Игнатий Потапенко после короткой связи бросил ее в ожидании ребенка. «От прежней Лики не осталось и следа, и, как я думаю, все-таки не могу не сказать, что виной всему Вы». Иначе говоря: если бы Вы были решительней, если бы мы уехали тогда вместе на Кавказ и соединили наши жизни, то не было бы этого случайного романа, короткой тяжкой истории наполовину назло Вам. И в другом письме: «Я хочу видеть только Вас — потому, что Вы снисходительны и равнодушны к людям, а потому не осудите, как другие». Тогда Чехов мог бы приехать к ней в Швейцарию, но не захотел.
Сейчас кажется странным нежелание Чехова ответить на любовь столь привлекательной девушки. Странно, что столь долгие дружеские отношения не переросли в настоящую, большую любовь. Возможно, оттого, что Чехов всегда оставался прежде всего писателем. Возможно также, что на их отношения повлияло и несходство характеров. Чехову был чужд дилетантизм Лики, обращавшейся ко многим профессиям — учительницы, певицы, переводчицы, но не нашедшей себя ни в одной из них. Может, не нравилась ему и постоянная душевная неудовлетворенность, жалобы Лики: «Сыро, холодно, чуждо! Без Вас я совсем чувствую себя забытой и отвергнутой! Кажется, отдала бы полжизни за то, чтобы очутиться в Мелихово, посидеть на Вашем диване, поговорить с Вами десять минут, поужинать…».

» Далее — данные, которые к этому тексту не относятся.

lemma cross_zero_imp_eval_at:
  fixes \<phi> :: "'a::field_char_0 mpoly3"
  assumes "whis w1 w2 w3 \<phi>" "weight_hom w1 w2 w3 \<phi> d" "0 < w3"
  shows "cross_zero \<phi> f \<Longrightarrow> \<exists>q. f = eval_at q \<phi>"
proof (induction "degree f" arbitrary: f rule: less_induct)
  case less
  obtain g where g: "dx f = g * dx \<phi>" "dy f = g * dy \<phi>" "dz f = g * dz \<phi>"
    and deg: "g = 0 \<or> degree g < degree f"
    using cross_zero_gradient_factor[OF assms less.prems] by blast
  obtain q where q: "g = eval_at q \<phi>"
    using deg less.hyps[OF _ cross_zero_cofactor[OF g]] eval_at_0 by metis
  obtain Q where Q: "pderiv Q = q"
    using pderiv_surj by blast
  have "dx (f - eval_at Q \<phi>) = 0" "dy (f - eval_at Q \<phi>) = 0" "dz (f - eval_at Q \<phi>) = 0"
    by (simp_all add: g q Q derivation_eval_at derivation_dx derivation_dy derivation_dz
        additive.diff[OF derivation_additive[OF derivation_dx]]
        additive.diff[OF derivation_additive[OF derivation_dy]]
        additive.diff[OF derivation_additive[OF derivation_dz]])
  then obtain c where "f - eval_at Q \<phi> = C3 c"
    using gradient_eq_0_imp_const by blast
  then have "f = eval_at (Q + [:c:]) \<phi>"
    by (simp add: additive.add[OF additive_eval_at] eval_at_const algebra_simps)
  then show ?case
    by blast
qed

theorem mainTheorem3:
  fixes \<phi> :: "'a::field_char_0 mpoly3" and w1 w2 w3 :: nat
  assumes "w1 > 0" "w2 > 0" "w3 > 0" "gcd w1 (gcd w2 w3) = 1"
    and "whis w1 w2 w3 \<phi>"
  shows "Cas \<phi> = {f. cross_zero \<phi> f}
       \<and> {f. cross_zero \<phi> f} = range (\<lambda>q. eval_at q \<phi>)
       \<and> inj (\<lambda>q. eval_at q \<phi>)"
proof (intro conjI)
  show "Cas \<phi> = {f. cross_zero \<phi> f}"
    by (rule Cas_eq_cross_zero)
  obtain d where wh: "weight_hom w1 w2 w3 \<phi> d"
    using assms(5) by (auto simp: whis_def)
  show "{f. cross_zero \<phi> f} = range (\<lambda>q. eval_at q \<phi>)"
    using cross_zero_imp_eval_at[OF assms(5) wh assms(3)] cross_zero_eval_at by blast
  show "inj (\<lambda>q. eval_at q \<phi>)"
    using inj_eval_at[OF whis_degree_pos[OF assms(5)]] .
qed

end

Лика стремилась к сцене, но ей не удалось стать ни оперной певицей в частной опере Мамонтова, ни драматической актрисой, хотя одно время она входила в труппу Художественного театра. Театр она бросила, вышла замуж за режиссера Санина и уехала вместе с ним за границу. С тех пор ее жизнь не имела к жизни Чехова никакого отношения. Впоследствии Лика Мизанова умерла в 1937 году в Париже, после продолжительной болезни, пережив Чехова на тридцать четыре года.

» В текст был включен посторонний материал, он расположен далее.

lemma short_synchronizing_word_feedback_vertex:
  assumes sd: "signed_digraph V E" and sc: "strongly_connected V E" and npc: "no_positive_cycle E"
    and not_cycle: "\<not> graph_is_cycle V E" and "finite V" and "2 \<le> card V"
    and v0: "v0 \<in> V" "feedback_vertex_set V E {v0}"
  shows "\<exists>w. length w \<le> 3 * card V - 2 \<and> set w \<subseteq> V \<and> (\<forall>f. and_or_net V E f \<longrightarrow> synchronizes V f w)"
proof -
  have in_arc: "\<exists>a s. (a, u, s) \<in> E" if "u \<in> V" for u
    using strongly_connected_in_arc[OF sc \<open>2 \<le> card V\<close> that] by blast
  then have "E \<noteq> {}" using v0(1) by blast
  obtain \<sigma>0 where \<sigma>0: "switching V E v0 \<sigma>0" using switching_exists[OF sd sc npc v0(2,1)] .
  obtain v a1 s1 a2 s2 where v: "v \<in> V" "feedback_vertex_set V E {v}"
    and a: "(a1, v, s1) \<in> E" "(a2, v, s2) \<in> E" "a1 \<noteq> a2"
    by (rule feedback_vertex_with_two_in_neighbours[OF sd sc \<open>E \<noteq> {}\<close> not_cycle
          switching_unique_sign[OF \<sigma>0 sd] v0])
  obtain \<sigma> where \<sigma>: "switching V E v \<sigma>" using switching_exists[OF sd sc npc v(2,1)] .
  have acyc: "acyclic (arc_rel_without E v)" using v(2) by (rule feedback_vertex_acyclic)
  obtain W b1 t1 b2 t2 where W: "W \<subseteq> V - {v}" "\<forall>w\<in>W. \<forall>a s. (a, w, s) \<in> E \<longrightarrow> a \<in> insert v W"
    and b: "(b1, v, t1) \<in> E" "b1 \<in> insert v W" "(b2, v, t2) \<in> E" "b2 \<in> V - insert v W"
    using separating_in_closed_set[OF sd acyc a] .
  have "\<forall>w\<in>V - {v}. \<forall>a s. (a, w, s) \<in> E \<longrightarrow> a \<in> insert v (V - {v})"
    by (auto dest: signed_digraph_arcD[OF sd])
  moreover have "finite (V - {v})" "v \<notin> V - {v}" using \<open>finite V\<close> by auto
  ultimately obtain S where S: "topo_sorted E {v} S" "set S = V - {v}" "distinct S"
    using topo_sorted_exists_in_closed[OF acyc] by metis
  have "finite W" "v \<notin> W" using W(1) \<open>finite V\<close> finite_subset by auto
  then obtain T where T: "topo_sorted E {v} T" "set T = W" "distinct T"
    using topo_sorted_exists_in_closed[OF acyc _ _ W(2)] by metis
  have "length S = card V - 1"
    using distinct_card[OF S(3)] S(2) v(1) \<open>finite V\<close> by (simp add: card_Diff_singleton)
  moreover have "length T \<le> card V - 2"
  proof -
    have "{v, b2} \<subseteq> V" "card {v, b2} = 2" using v(1) b(4) by auto
    then have "card (V - {v, b2}) = card V - 2"
      using \<open>finite V\<close> by (simp add: card_Diff_subset)
    moreover have "W \<subseteq> V - {v, b2}" using W(1) b(4) by blast
    ultimately have "card W \<le> card V - 2"
      using card_mono[of "V - {v, b2}" W] \<open>finite V\<close> by simp
    then show ?thesis using distinct_card[OF T(3)] T(2) by simp
  qed
  ultimately have "length (S @ v # T @ v # S) \<le> 3 * card V - 2"
    using \<open>2 \<le> card V\<close> by simp
  moreover have "set (S @ v # T @ v # S) \<subseteq> V" using S(2) T(2) W(1) v(1) by auto
  moreover have "synchronizes V f (S @ v # T @ v # S)" if "and_or_net V E f" for f
  proof -
    have "set T \<subseteq> V - {v}" "b1 \<in> insert v (set T)" "b2 \<in> V - insert v (set T)"
      using T(2) W(1) b(2,4) by auto
    with b(1,3) show ?thesis by (intro synchronizing_word[OF sd that \<sigma> v(1) in_arc S(1,2) T(1)])
  qed
  ultimately show ?thesis by (intro exI[of _ "S @ v # T @ v # S"]) simp
qed

lemma short_synchronizing_word:
  assumes sd: "signed_digraph V E" and sc: "strongly_connected V E" and npc: "no_positive_cycle E"
    and not_cycle: "\<not> graph_is_cycle V E" and "finite V" and "tau V E \<le> 1"
  shows "\<exists>w. length w \<le> 3 * card V - 1 \<and> set w \<subseteq> V \<and> (\<forall>f. and_or_net V E f \<longrightarrow> synchronizes V f w)"
proof -
  consider "V = {}" | u where "V = {u}" | "2 \<le> card V"
    using \<open>finite V\<close> by (metis One_nat_def card_0_eq card_1_singletonE less_2_cases not_less)
  then show ?thesis
  proof cases
    case 1
    then show ?thesis by (intro exI[of _ "[]"]) (simp add: synchronizes_def)
  next
    case (2 u)
    have "synchronizes {u} f [u]" if "and_or_net {u} E f" for f
      using single_vertex_synchronized[OF sd[unfolded 2] npc not_cycle[unfolded 2] that] .
    with 2 show ?thesis by (intro exI[of _ "[u]"]) simp
  next
    case 3
    then obtain v0 where "v0 \<in> V" "feedback_vertex_set V E {v0}"
      using tau_le_one_feedback_vertex[OF sd \<open>finite V\<close> _ \<open>tau V E \<le> 1\<close>] by force
    with 3 show ?thesis
      using short_synchronizing_word_feedback_vertex[OF sd sc npc not_cycle \<open>finite V\<close>]
      by (meson diff_le_mono2 le_trans one_le_numeral)
  qed
qed

theorem proposition5:
  fixes n :: nat and E :: sdigraph
  assumes "signed_digraph {1..n} E"
    and "strongly_connected {1..n} E"
    and "no_positive_cycle E"
    and "\<not> graph_is_cycle {1..n} E"
    and "tau {1..n} E \<le> 1"
  shows "\<exists>w. length w = 3 * n - 1 \<and> set w \<subseteq> {1..n} \<and>
           (\<forall>f. and_or_net {1..n} E f \<longrightarrow> synchronizes {1..n} f w)"
proof -
  obtain w where w: "length w \<le> 3 * n - 1" "set w \<subseteq> {1..n}"
    "\<forall>f. and_or_net {1..n} E f \<longrightarrow> synchronizes {1..n} f w"
    using short_synchronizing_word[OF assms(1-4) _ assms(5)] by auto
  let ?pad = "replicate (3 * n - 1 - length w) 1"
  have "set ?pad \<subseteq> {1..n}" by (cases "n = 0") auto
  with w show ?thesis
    by (intro exI[of _ "w @ ?pad"]) (simp add: synchronizes_append)
qed

end
(* Let $N\ge1$, $n\ge1$, let $b$ be a positive integer, and let $\omega_*$, $\langle\cdot,\cdot\rangle_{b,N}$ and $\langle\!\langle\cdot,\cdot\rangle\!\rangle_{b,N}$ be as in the context. Then for all $f,g\in F_{N,n}$, $$\langle f,g\rangle_{b,N}=\langle\!\langle\omega_*(f),\omega_*(g)\rangle\!\rangle_{b,N}.$$
   Context: For $k\in\mathbb Z$, $\underline{k}\in\{1,\dots,N\}$, $\overline{k}\in\mathbb Z$ unique with $k=\underline{k}-N\overline{k}$. $V=\mathbb C^N$ with basis $v_1,\dots,v_N$. $K_{ij}$ swaps $z_i,z_j$, $P_{ij}$ swaps factors $i,j$ of $V^{\otimes n}$; $F_{N,n}=\{f\in\mathbb C[z_1^{\pm1},\dots,z_n^{\pm1}]\otimes V^{\otimes n}:K_{ij}f=-P_{ij}f\}$ with basis $\hat u_k=\sum_{w\in S_n}\mathrm{sign}(w)z_1^{\overline{k_{w(1)}}}\cdots z_n^{\overline{k_{w(n)}}}\otimes v_{\underline{k_{w(1)}}}\otimes\cdots\otimes v_{\underline{k_{w(n)}}}$, $k_1>\dots>k_n$. $\hat a_k=\sum_{w\in S_n}\mathrm{sign}(w)x_{w(1)}^{k_1}\cdots x_{w(n)}^{k_n}$; $\omega_*$ is the linear isomorphism from $F_{N,n}$ onto skew-symmetric Laurent polynomials in $x$ with $\omega_*(\hat u_k)=\hat a_k$ ($k_1>\dots>k_n$). Scalar products. On $\mathbb C[z^{\pm1}]\otimes V^{\otimes n}$: $\langle f\otimes u,g\otimes v\rangle'_{b,N}=\frac1{n!}\prod_j\oint\frac{dw_j}{2\pi iw_j}\prod_{i\ne j}(1-w_iw_j^{-1})^b\,\bar f(w^{-1})g(w)\cdot\langle u,v\rangle_N$ (unit circles; $\bar f$ has conjugated coefficients; $\langle\cdot,\cdot\rangle_N$ makes the tensor monomials $v_{a_1}\otimes\cdots\otimes v_{a_n}$ orthonormal), extended sesquilinearly; $\langle\cdot,\cdot\rangle_{b,N}$ is its restriction to $F_{N,n}$. For Laurent polynomials $f,g$ in $x$: $f^*(x)=\bar f(x_1^{-1},\dots,x_n^{-1})$, $[h]_1$ is the constant term, $\nabla(b,N)=\prod_{1\le i\ne j\le n}(1-x_i^Nx_j^{-N})^b$, and $\langle\!\langle f,g\rangle\!\rangle_{b,N}=\frac1{n!}[\nabla(b,N)f^*g]_1$. *)

theory Defs
  imports "HOL-Complex_Analysis.Complex_Analysis" "HOL-Library.Poly_Mapping"
    "HOL-Combinatorics.Combinatorics"
begin
lemma prop_star_if_prop_starstar_antipolar:
  assumes "prop_i A" "prop_starstar (antipolar A)"
  shows "prop_star A"
  unfolding prop_star_iff_dual_cone_pos[OF assms(1)]
proof (intro ballI)
  obtain u0 u1 where frontier: "frontier (dual_cone A) = ray u0 \<union> ray u1"
    and dist0: "setdist (ray u0) (antipolar A) = 0" "setdist (ray u1) (antipolar A) = 0"
    using assms(2) unfolding prop_starstar_def cone_cl_antipolar[OF assms(1)] by blast
  fix \<xi> z assume \<xi>: "\<xi> \<in> dual_cone A - {0}" and "z \<in> A"
  then have "z \<noteq> 0" "0 \<le> \<xi> \<bullet> reflect z"
    using prop_iD(4)[OF assms(1)] by (auto simp: dual_cone_def)
  show "0 < \<xi> \<bullet> reflect z"
  proof (rule ccontr)
    assume "\<not> 0 < \<xi> \<bullet> reflect z"
    with \<open>0 \<le> \<xi> \<bullet> reflect z\<close> have "reflect z \<bullet> \<xi> = 0"
      by (simp add: inner_commute)
    then have "\<xi> \<in> frontier (dual_cone A)"
      using \<xi> \<open>z \<noteq> 0\<close> \<open>z \<in> A\<close>
      by (intro frontier_if_supporting_hyperplane[of "reflect z"]) (auto simp: dual_cone_def inner_commute)
    then obtain w where "w \<in> {u0, u1}" "\<xi> \<in> ray w"
      using frontier by blast
    then obtain t where "\<xi> = t *\<^sub>R w" "0 < t"
      using \<xi> ray_iff_pos[of \<xi> w] by blast
    with \<open>reflect z \<bullet> \<xi> = 0\<close> have "w \<bullet> reflect z = 0"
      by (simp add: inner_commute)
    then have "1 / norm z \<le> setdist (ray w) (antipolar A)"
      by (rule setdist_ray_antipolar_ge[OF assms(1) \<open>z \<in> A\<close>])
    with \<open>w \<in> {u0, u1}\<close> dist0 \<open>z \<noteq> 0\<close> show False
      by auto
  qed
qed

lemma prop_star_iff_prop_starstar_antipolar:
  assumes "prop_i A"
  shows "prop_star A \<longleftrightarrow> prop_starstar (antipolar A)"
  using prop_starstar_antipolar_if_prop_star prop_star_if_prop_starstar_antipolar assms by blast

theorem theorem4:
  fixes \<Omega> :: "(real \<times> real) set"
  assumes "prop_i \<Omega>"
  shows "(prop_star \<Omega> \<longleftrightarrow> prop_starstar (antipolar \<Omega>)) \<and>
         (prop_star (antipolar \<Omega>) \<longleftrightarrow> prop_starstar \<Omega>)"
  using prop_star_iff_prop_starstar_antipolar[OF assms]
    prop_star_iff_prop_starstar_antipolar[OF prop_i_antipolar[OF assms]]
    antipolar_antipolar[OF assms]
  by simp

end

Летом 1895 года Чехов начал свои раздумья над новой пьесой. Бесконечная толпа визитеров и родственников, наведывавшаяся в Мелихово по разным причинам, постоянно отвлекали Антона от его работы. Он жаловался в письмах братьям о том, что гости отвлекали его от изучения французских символических пьес. Маленькая пьеса в «Чайке», которую ставит Тригорин, и которая вызывала раздражение его матери, стала пародией на еще не написанные пьесы: ведь именно те символистские пьесы, которые переводила Татьяна, а также «Ганнеле» Гауптмана, в которой дебютировала Людмила Озерова, дали Антону представление о том, как подобная пьеса могла звучать по-русски.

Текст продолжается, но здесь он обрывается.